Юдоль
Запел испанской гитарой мобильный телефон. Григорий Петрович оторвался от монитора, поглядел на светящийся экран: Сус-лаб. (Что значило «Сусанна-лаборантка») «Наконец-то», – подумал он с некоторым облегчением.
– Гриш, ты где, дома? Не помешала? Хи-хи. Тут такое заварилось. Ты почему не пришел? Выступил бы, заткнул бы бабам этим рот.
Григория Петровича подробности не интересовали. Сусанна, видно, была сейчас в туалете, мыла чашки и пепельницы – в трубке раздавалось отдаленное журчание.
– Что решили, говори.
– Ну что, доигрался. Я же тебя предупреждала. Не поддержали. Ты же знаешь эту сволочь. Только Марина Кеосаян выступила и сказала, что мы не имеем права судить в твое отсутствие...
– Ладно. Я перезвоню вечером, а сейчас отбой.
Значит, решилось. Кафедра не поддержала кандидатуру Григория Куземко на новый срок и через пару месяцев он станет безработным. Он и не пошел на заседание, потому что не надеялся на иное решение.
Он снова обратился к письму.
«Вот только что позвонили с кафедры и сообщили, что я перестаю сотрудничать с университетом. Иного я и не ожидал. Плохо во всей этой истории то, что меня еще заранее решили вытолкнуть и грязью стали поливать. Кампанию начали заблаговременно. Я тебе писал об этом. Но последней каплей оказался скандал вокруг этого студентика. Он, оказывается, растрезвонил, что дал мне взятку. И сначала декан меня пропесочил, приватно, а потом и на кафедре слухи пошли, и вот на последнем заседании меня вывели взяточником. Я бы мог протестовать и бороться, но беда вся в том, что правда очень тесно слилась с ложью, а ложь трудно отделить от правды. Дело в том, что этот студентик мне как-то удружил, подал свой телефон, когда мне нужно было позвонить, а минуток на моем мобильнике не было. А потом подарил мне телефонную карту, а на экзамене тоже подарил. Признаться, я поддался этому подкупу, мои сопротивления становились все слабее, а его нагловатая напористость возрастала. В последнее время он держался так, будто я был в его руках. И действительно так и оказалось. На экзамене мне ничего другого не оставалось, как принять от него очередной презент и поставить трояк. А он меня подставил».
Григорий Петрович откинулся на спинку кресла. За его спиной молчала комната, ошеломленная новым своим состоянием. Книжный шкаф, вмонтированный в стену, передал телевизору отражение спины человека, которое в тот же момент было растоплено солнечным бликом, отразившееся от оконного стекла, на которое упал луч от другого окна. В чем заключалось новое состояние, было неизвестно, но оно повисло в комнате, зарылось в складки неубранной постели, сизело в воздухе, непроветренном, сгустилось в тесноте предметов на столе, в чашке на столике рядом с диваном, в книгах и тетрадях, в недописанных строках и недочитанных сюжетах. Жизнь остановилась на раскрытой странице, и вещи замерли на месте. Человеку было лень убирать сегодня комнату, мелькнула мысль – а зачем? Сегодня предстоят события более значимые, чем уборка или пылесос.

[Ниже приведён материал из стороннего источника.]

lemma d2_w_eq:
  "d2_w Om t st i j =
     (if j \<in> Lam Om i t then fst (snd (snd st)) j / (\<Sum>j'\<in>Lam Om i t. fst (snd (snd st)) j') else 0)"
  by (cases st) (simp add: d2_w_def)

lemma d2eal_weights_pos:
  fixes l :: "'a::real_vector \<Rightarrow> 'a \<Rightarrow> real"
  shows "alpha_hat l f y Om ea ew t i > 0 \<and> alpha_hat' l f y Om ea ew t i > 0 \<and> w_hat l f y Om ea ew t i > 0"
  by (induction t) simp_all

lemma d2_alpha_bounds:
  fixes l :: "'a::real_vector \<Rightarrow> 'a \<Rightarrow> real"
  shows "0 \<le> d2_alpha (d2eal_state l f y Om ea ew t) i \<and> d2_alpha (d2eal_state l f y Om ea ew t) i \<le> 1"
  using d2eal_weights_pos[of l f y Om ea ew t i] by (simp add: d2_alpha_eq)

lemma d2eal_predictions_in:
  fixes l :: "'a::real_vector \<Rightarrow> 'a \<Rightarrow> real"
  assumes convA: "convex A"
    and f_in: "\<And>t i. t \<ge> 1 \<Longrightarrow> i < N \<Longrightarrow> f t i \<in> A"
    and graph_sub: "\<And>i t. i < N \<Longrightarrow> Om i t \<subseteq> {..<N}"
    and i: "i < N"
  shows "f_hat l f y Om ea ew t i \<in> A"
    and "d2_fbar_next f t (d2eal_state l f y Om ea ew t) i \<in> A"
proof -
  let ?st = "d2eal_state l f y Om ea ew"
  have fbar_in: "d2_fbar_next f t (?st t) j \<in> A" if "f_hat l f y Om ea ew t j \<in> A" "j < N" for t j
    using convexD[OF convA f_in[of "t + 1" j] that(1)] d2_alpha_bounds[of l f y Om ea ew t j] that(2)
    by (simp add: d2_fbar_next_eq)
  have fhat_in: "\<forall>j<N. f_hat l f y Om ea ew t j \<in> A" for t
  proof (induction t)
    case 0
    show ?case using f_in by simp
  next
    case (Suc t)
    show ?case
    proof (intro allI impI)
      fix j assume j: "j < N"
      have Lam_sub: "Lam Om j t \<subseteq> {..<N}"
        using graph_sub[OF j] j unfolding Lam_def by auto
      hence fin: "finite (Lam Om j t)"
        using finite_subset by blast
      have pw: "(\<Sum>k\<in>Lam Om j t. w_hat l f y Om ea ew t k) > 0"
        using d2eal_weights_pos[of l f y Om ea ew t] fin by (intro sum_pos) (auto simp: Lam_def)
      show "f_hat l f y Om ea ew (Suc t) j \<in> A"
        unfolding d2eal_state_Suc d2_fhat_next_def
      proof (rule convex_sum[OF fin convA])
        show "(\<Sum>k\<in>Lam Om j t. d2_w Om t (?st t) j k) = 1"
          using pw by (simp add: d2_w_eq flip: sum_divide_distrib)
        show "0 \<le> d2_w Om t (?st t) j k" for k
          using d2eal_weights_pos[of l f y Om ea ew t k] pw by (simp add: d2_w_eq less_imp_le)
        show "d2_fbar_next f t (?st t) k \<in> A" if "k \<in> Lam Om j t" for k
          using fbar_in Suc.IH Lam_sub that by blast
      qed
    qed
  qed
  thus "f_hat l f y Om ea ew t i \<in> A" "d2_fbar_next f t (?st t) i \<in> A"
    using fbar_in i by auto
qed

Стоит ли вообще говорить об этих подлых мелочах жизни. Ведь, при желании, можно было со всем этим покончить одним махом, а не возиться и разводить сопливую исповедь, никому не нужную. Даже далекому питерскому адресату, с которым Григорий Петрович познакомился в виртуале, списался и дописался до разной степени откровенностей. Главное было в том, что почва действительно зашаталась под Григорием Петровичем. И трудно было найти причины всему этому. Его бы все равно «ушли». Система его не принимала и вышвыривала, выталкивала, выдавливала отовсюду, словно роженица, тужась и чертыхаясь. Если не под соусом этой истории, так с другим гарниром. Придумали бы что-то поумнее. В конце концов, могли бы и не объяснять. Ведь в свою очередь, когда и Григория Петровича брали на работу, три года назад, тот же декан, своим авторитетом протолкнул кандидатуру Григория Петровича, бывшего аспиранта Григория Куземко, автора блестящей диссертации, несмотря на сильное сопротивление и обилие соперниц, ждущих годами очереди, других протеже и их покровителей.

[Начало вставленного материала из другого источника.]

lemma ldba_lang_supset: "isolated_letter_lang n \<subseteq> nba_lang (ldba n)"
proof
  fix w assume "w \<in> isolated_letter_lang n"
  then obtain i where w: "w \<in> words {0..<n}" and inf: "\<exists>\<^sub>\<infinity>k. w k = i"
    and fin: "\<not> (\<exists>\<^sub>\<infinity>k. w k = i \<and> w (Suc k) = i)"
    unfolding isolated_letter_lang_def by blast
  obtain k0 where no_pair: "\<And>k. k0 \<le> k \<Longrightarrow> \<not> (w k = i \<and> w (Suc k) = i)"
    using fin unfolding not_INFM MOST_nat_le by blast
  have letters: "w k < n" for k using w by (auto simp: words_def)
  obtain k1 where "w k1 = i" using INFM_EX[OF inf] by blast
  then have "i < n" using letters by blast
  define r where "r k = (if k \<le> k0 then 0 else if Suc k0 < k \<and> w (k - 1) = i then Suc (n + i) else Suc i)"
    for k
  have r_Suc: "r (Suc k) = (if w k = i then Suc (n + i) else Suc i)" if "k0 < k" for k
    using that by (simp add: r_def)
  have after_i: "w k \<noteq> i" if "Suc k0 < k" "w (k - 1) = i" for k
  proof -
    have "k = Suc (k - 1)" "k0 \<le> k - 1" using that(1) by simp_all
    then show ?thesis using no_pair that(2) by metis
  qed
  have trans: "(r k, w k, r (Suc k)) \<in> ldba_trans n" for k
  proof (cases "k0 < k")
    case True
    show ?thesis
    proof (cases "r k = Suc i")
      case False
      then have "Suc k0 < k" "w (k - 1) = i" "r k = Suc (n + i)"
        using True by (auto simp: r_def split: if_splits)
      then show ?thesis using r_Suc[OF True] after_i letters \<open>i < n\<close>
        by (auto simp: ldba_trans_def)
    qed (use r_Suc[OF True] letters \<open>i < n\<close> in \<open>auto simp: ldba_trans_def\<close>)
  qed (use letters \<open>i < n\<close> in \<open>auto simp: r_def ldba_trans_def\<close>)
  have acc: "(r k, w k, r (Suc k)) \<in> ldba_acc n" if "Suc k0 < k" "w k = i" for k
    using that after_i[OF that(1)] \<open>i < n\<close> by (auto simp: r_def ldba_acc_def)
  have "\<exists>\<^sub>\<infinity>k. (r k, w k, r (Suc k)) \<in> ldba_acc n"
    using INFM_conjI[OF inf MOST_ge_nat[of "Suc (Suc k0)"]] by (rule INFM_mono) (auto intro: acc)
  moreover have "r 0 = 0" by (simp add: r_def)
  ultimately show "w \<in> nba_lang (ldba n)"
    using w trans unfolding nba_lang_def nba_accepting_run_def nba_run_def ldba_def by auto
qed

theorem mainTheorem5:
  shows "\<exists>L :: nat \<Rightarrow> nat oword set. \<forall>n \<ge> 2.
     L n \<subseteq> words {0..<n} \<and>
     (\<exists>(A :: (nat, nat) nba) Qd. is_ldba A Qd \<and> nba_alpha A = {0..<n} \<and>
         card (nba_states A) = 3 * n + 2 \<and> nba_lang A = L n) \<and>
     (\<forall>D :: (nat, nat) dpa. dpa_wf D \<and> dpa_alpha D = {0..<n} \<and> dpa_lang D = L n
         \<longrightarrow> card (dpa_states D) \<ge> fact n)"
proof (intro exI[of _ isolated_letter_lang] allI impI conjI)
  fix n :: nat
  show "isolated_letter_lang n \<subseteq> words {0..<n}"
    by (auto simp: isolated_letter_lang_def)
  have "nba_lang (ldba n) = isolated_letter_lang n"
    using ldba_lang_subset ldba_lang_supset by blast
  then show "\<exists>(A :: (nat, nat) nba) Qd. is_ldba A Qd \<and> nba_alpha A = {0..<n} \<and>
      card (nba_states A) = 3 * n + 2 \<and> nba_lang A = isolated_letter_lang n"
    using is_ldba_ldba card_ldba_states by (intro exI[of _ "ldba n"] exI[of _ "{1..2 * n}"]) (simp add: ldba_def)
  fix D :: "(nat, nat) dpa"
  assume "dpa_wf D \<and> dpa_alpha D = {0..<n} \<and> dpa_lang D = isolated_letter_lang n"
  then show "card (dpa_states D) \<ge> fact n" using fact_le_card_dpa_states by blast
qed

Григорий Петрович встал из-за стола, прошелся, отнес на кухню чашку и вылил остатки кофе. Помыл чашку, повернув по холостяцкой привычке один раз указательным пальцем вдоль края, где касались губы. А потом, наполнив до половины, выплеснул – это называется ополоснул. Сейчас бы выпить, но дома не было ни капли спиртного. А выходить никуда не хотелось. Он вернулся в комнату и лег. Как сейчас было горько и сладко от жалости к себе. Слишком мягкотел и бесхарактерен он был, уступал всем, замещал на лекциях пожилых корифеев, и все за просто так, из сердечной доброты, и упустил возможность выделиться, закрепиться, ни с кем не сдружился, не заручился поддержкой, думал, что самотек и бодрые глаза его выведут на широкую дорогу. А тут как случилось.
Он подумал о Сусанне. Тоже дрянь порядочная. Вроде дружна с ним, частенько, когда он после уроков заходит на кафедру, она достает свою заначку, бутылку, оставшуюся после очередного сабантуя или заседания кафедры, наливает ему. И вытаскивает все новости. Но дружба ее небескорыстная. Она тоже чего-то требует в обмен. А чего? Понять нетрудно. Трудно дать понять. Что не может он дать, точнее принять то, что хочет дать Сусанна. Ну, какие у нее габариты, какие усы, какая жесткая щетина на руках! Да разве в этом дело, в этой отталкивающей растительности и формах, при которых даже теоретически, даже на чудовищном расстоянии страшно представить, с какой стороны к ней можно прижаться? А прижмешься – руками не обхватишь.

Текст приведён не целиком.